*** Begin section ***

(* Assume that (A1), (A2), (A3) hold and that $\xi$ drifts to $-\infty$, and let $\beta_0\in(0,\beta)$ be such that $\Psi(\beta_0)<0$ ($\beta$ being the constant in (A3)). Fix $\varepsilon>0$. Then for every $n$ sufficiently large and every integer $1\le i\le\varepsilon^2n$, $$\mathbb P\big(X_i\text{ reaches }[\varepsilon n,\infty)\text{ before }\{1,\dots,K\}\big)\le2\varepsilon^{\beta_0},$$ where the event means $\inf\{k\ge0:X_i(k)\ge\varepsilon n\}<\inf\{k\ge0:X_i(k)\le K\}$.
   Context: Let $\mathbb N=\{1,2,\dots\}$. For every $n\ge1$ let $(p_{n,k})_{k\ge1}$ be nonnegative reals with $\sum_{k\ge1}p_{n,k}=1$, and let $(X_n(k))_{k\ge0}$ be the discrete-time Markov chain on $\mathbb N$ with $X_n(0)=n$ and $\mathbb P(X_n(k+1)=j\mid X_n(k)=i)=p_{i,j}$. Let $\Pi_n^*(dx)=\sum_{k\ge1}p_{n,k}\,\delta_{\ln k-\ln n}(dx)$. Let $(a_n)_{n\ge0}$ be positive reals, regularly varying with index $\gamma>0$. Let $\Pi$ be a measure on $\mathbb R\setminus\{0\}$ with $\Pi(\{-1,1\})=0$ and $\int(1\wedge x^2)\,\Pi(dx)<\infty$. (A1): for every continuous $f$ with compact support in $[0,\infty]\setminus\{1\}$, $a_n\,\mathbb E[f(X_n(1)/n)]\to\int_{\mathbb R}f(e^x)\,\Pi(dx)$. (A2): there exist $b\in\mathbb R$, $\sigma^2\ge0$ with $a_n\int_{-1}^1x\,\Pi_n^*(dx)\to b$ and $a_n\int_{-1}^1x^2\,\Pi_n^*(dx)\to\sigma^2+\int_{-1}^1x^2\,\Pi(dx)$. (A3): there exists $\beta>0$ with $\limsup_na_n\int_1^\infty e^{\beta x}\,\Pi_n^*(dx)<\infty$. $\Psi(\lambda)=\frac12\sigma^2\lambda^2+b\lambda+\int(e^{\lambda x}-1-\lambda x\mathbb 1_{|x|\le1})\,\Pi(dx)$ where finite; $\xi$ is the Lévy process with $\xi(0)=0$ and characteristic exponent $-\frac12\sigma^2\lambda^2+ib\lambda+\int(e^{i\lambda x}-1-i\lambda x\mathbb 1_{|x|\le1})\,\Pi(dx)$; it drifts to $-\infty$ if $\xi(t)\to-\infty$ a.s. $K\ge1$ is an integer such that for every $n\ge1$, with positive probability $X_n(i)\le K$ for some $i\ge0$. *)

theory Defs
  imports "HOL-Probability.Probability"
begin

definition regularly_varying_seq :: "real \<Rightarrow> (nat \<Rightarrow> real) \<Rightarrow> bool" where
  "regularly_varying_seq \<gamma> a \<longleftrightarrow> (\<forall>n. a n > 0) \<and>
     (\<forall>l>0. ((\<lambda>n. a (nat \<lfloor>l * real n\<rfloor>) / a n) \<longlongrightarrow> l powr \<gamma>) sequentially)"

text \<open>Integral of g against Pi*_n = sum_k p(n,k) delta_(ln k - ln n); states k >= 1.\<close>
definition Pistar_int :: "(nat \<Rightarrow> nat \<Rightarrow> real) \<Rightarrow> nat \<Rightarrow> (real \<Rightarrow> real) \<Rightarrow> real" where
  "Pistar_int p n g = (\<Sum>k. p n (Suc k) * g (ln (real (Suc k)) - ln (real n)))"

*** End section ***
*** Begin section ***

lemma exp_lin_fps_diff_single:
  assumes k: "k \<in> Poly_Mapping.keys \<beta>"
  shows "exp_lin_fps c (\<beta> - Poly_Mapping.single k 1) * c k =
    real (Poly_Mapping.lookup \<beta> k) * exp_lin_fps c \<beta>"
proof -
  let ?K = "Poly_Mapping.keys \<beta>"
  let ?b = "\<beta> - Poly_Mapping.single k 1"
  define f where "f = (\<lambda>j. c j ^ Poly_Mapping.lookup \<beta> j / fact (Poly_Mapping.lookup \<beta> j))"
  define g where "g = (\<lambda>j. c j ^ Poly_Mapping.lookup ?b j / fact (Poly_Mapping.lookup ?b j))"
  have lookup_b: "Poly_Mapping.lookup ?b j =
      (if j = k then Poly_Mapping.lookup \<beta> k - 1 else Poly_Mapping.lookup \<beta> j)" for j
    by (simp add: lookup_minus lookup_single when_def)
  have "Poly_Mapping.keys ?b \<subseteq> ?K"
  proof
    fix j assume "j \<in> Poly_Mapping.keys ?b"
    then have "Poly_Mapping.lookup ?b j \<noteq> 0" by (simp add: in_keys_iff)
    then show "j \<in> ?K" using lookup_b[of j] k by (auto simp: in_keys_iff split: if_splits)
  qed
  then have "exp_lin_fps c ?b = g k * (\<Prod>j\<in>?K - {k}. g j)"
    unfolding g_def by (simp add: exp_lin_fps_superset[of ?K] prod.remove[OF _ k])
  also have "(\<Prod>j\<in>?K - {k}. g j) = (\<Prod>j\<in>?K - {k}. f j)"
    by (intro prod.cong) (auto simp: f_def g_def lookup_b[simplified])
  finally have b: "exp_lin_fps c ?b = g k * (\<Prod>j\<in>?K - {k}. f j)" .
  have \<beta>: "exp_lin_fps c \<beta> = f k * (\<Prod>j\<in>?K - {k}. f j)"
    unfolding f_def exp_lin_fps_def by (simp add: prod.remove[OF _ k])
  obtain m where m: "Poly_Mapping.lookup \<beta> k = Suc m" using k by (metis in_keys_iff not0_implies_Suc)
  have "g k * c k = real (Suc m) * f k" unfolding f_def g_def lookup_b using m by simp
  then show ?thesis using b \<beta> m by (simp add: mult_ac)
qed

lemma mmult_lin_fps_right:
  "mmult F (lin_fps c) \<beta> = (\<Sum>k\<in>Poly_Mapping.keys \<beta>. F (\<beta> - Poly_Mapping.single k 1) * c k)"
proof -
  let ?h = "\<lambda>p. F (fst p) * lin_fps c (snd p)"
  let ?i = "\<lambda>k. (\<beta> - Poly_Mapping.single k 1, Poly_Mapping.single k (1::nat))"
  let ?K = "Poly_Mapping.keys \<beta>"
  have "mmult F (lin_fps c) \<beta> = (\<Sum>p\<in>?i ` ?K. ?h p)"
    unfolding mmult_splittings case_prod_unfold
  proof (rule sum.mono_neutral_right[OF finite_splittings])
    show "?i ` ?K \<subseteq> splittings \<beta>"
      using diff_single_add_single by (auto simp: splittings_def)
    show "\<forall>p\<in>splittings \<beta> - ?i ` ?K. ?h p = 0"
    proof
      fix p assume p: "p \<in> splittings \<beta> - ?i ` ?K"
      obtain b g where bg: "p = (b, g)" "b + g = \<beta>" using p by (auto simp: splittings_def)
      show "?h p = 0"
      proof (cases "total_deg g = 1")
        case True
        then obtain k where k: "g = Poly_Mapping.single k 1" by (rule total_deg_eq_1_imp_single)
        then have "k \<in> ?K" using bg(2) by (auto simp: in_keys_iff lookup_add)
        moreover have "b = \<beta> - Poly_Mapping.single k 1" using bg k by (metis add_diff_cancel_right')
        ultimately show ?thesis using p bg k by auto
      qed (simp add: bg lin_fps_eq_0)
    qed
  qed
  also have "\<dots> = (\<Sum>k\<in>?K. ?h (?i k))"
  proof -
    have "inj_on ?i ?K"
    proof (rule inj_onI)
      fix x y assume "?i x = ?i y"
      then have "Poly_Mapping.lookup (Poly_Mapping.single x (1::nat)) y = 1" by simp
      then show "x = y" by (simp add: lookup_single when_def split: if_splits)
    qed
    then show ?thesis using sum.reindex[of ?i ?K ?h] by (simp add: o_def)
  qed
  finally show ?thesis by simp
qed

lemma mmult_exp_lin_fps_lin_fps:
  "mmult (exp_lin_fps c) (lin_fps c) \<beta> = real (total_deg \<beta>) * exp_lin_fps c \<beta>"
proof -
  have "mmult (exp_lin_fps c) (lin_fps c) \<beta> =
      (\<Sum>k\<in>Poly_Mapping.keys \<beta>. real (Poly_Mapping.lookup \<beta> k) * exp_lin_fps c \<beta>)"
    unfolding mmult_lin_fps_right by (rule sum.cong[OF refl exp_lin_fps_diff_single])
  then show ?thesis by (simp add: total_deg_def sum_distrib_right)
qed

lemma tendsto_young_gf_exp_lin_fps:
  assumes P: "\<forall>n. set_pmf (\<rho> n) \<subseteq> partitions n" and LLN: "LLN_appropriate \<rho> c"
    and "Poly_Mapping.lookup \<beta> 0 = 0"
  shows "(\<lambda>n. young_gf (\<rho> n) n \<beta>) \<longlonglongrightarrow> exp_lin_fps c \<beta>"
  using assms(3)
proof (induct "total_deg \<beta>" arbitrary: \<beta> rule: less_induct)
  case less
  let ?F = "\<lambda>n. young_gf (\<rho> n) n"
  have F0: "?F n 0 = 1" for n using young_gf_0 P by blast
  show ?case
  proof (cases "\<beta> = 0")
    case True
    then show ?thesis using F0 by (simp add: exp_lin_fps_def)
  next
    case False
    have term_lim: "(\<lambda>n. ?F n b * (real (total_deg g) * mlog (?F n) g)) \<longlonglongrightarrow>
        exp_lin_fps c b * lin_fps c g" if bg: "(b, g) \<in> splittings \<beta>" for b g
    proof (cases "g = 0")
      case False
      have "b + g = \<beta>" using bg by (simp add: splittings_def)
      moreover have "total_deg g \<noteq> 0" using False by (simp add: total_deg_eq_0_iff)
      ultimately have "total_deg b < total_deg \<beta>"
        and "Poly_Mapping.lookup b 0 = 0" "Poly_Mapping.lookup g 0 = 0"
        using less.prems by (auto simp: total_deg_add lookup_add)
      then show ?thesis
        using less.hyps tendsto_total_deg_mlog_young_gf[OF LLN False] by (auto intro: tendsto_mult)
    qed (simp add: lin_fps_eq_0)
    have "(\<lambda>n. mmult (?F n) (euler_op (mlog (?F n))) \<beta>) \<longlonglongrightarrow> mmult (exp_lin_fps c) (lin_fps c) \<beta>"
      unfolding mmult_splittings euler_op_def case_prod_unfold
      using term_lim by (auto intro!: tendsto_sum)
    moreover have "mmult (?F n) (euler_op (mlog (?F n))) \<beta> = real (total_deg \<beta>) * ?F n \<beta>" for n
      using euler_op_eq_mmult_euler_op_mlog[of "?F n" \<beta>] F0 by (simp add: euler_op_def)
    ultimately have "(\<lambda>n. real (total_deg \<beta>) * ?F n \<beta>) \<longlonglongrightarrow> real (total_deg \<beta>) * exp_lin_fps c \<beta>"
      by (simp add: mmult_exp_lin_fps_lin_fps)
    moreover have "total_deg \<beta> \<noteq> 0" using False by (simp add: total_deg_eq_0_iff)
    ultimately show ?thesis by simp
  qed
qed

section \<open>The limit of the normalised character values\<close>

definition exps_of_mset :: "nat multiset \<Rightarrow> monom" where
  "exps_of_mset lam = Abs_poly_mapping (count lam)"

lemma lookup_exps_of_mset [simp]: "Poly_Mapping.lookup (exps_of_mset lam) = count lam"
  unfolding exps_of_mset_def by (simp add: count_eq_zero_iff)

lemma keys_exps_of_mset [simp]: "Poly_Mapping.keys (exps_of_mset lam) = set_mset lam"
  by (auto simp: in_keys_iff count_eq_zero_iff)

*** End section ***
*** Begin section ***

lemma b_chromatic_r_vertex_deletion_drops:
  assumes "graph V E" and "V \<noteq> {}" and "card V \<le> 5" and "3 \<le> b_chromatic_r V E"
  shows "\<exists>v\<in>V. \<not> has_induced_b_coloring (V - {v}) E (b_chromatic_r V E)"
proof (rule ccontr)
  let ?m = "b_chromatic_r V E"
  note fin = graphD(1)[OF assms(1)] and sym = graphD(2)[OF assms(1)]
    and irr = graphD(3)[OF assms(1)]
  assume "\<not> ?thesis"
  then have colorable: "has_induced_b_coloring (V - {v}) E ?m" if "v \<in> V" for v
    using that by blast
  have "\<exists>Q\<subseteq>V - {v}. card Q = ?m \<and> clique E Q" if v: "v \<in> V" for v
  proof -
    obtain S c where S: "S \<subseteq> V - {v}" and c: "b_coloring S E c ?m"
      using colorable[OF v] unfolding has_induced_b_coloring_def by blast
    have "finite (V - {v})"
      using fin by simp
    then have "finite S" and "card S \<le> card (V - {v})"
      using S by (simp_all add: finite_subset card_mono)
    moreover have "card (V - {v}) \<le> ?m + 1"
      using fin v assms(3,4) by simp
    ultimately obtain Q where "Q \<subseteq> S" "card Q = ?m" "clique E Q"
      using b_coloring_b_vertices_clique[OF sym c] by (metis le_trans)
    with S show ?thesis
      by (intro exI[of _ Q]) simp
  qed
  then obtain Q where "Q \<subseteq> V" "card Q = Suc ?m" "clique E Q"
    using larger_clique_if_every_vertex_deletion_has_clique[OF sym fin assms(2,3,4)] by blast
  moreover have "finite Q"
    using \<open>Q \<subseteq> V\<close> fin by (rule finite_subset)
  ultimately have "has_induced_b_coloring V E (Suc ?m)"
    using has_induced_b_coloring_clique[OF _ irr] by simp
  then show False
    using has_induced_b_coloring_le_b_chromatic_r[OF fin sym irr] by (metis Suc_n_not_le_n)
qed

*** End section ***

**Prompt**
Search the records for the word "forall". Copy each line where it appears.

**Your solution**
  "regularly_varying_seq \<gamma> a \<longleftrightarrow> (\<forall>n. a n > 0) \<and>
     (\<forall>l>0. ((\<lambda>n. a (nat \<lfloor>l * real n\<rfloor>) / a n) \<longlongrightarrow> l powr \<gamma>) sequentially)"
    show "\<forall>p\<in>splittings \<beta> - ?i ` ?K. ?h p = 0"
  assumes P: "\<forall>n. set_pmf (\<rho> n) \<subseteq> partitions n" and LLN: "LLN_appropriate \<rho> c"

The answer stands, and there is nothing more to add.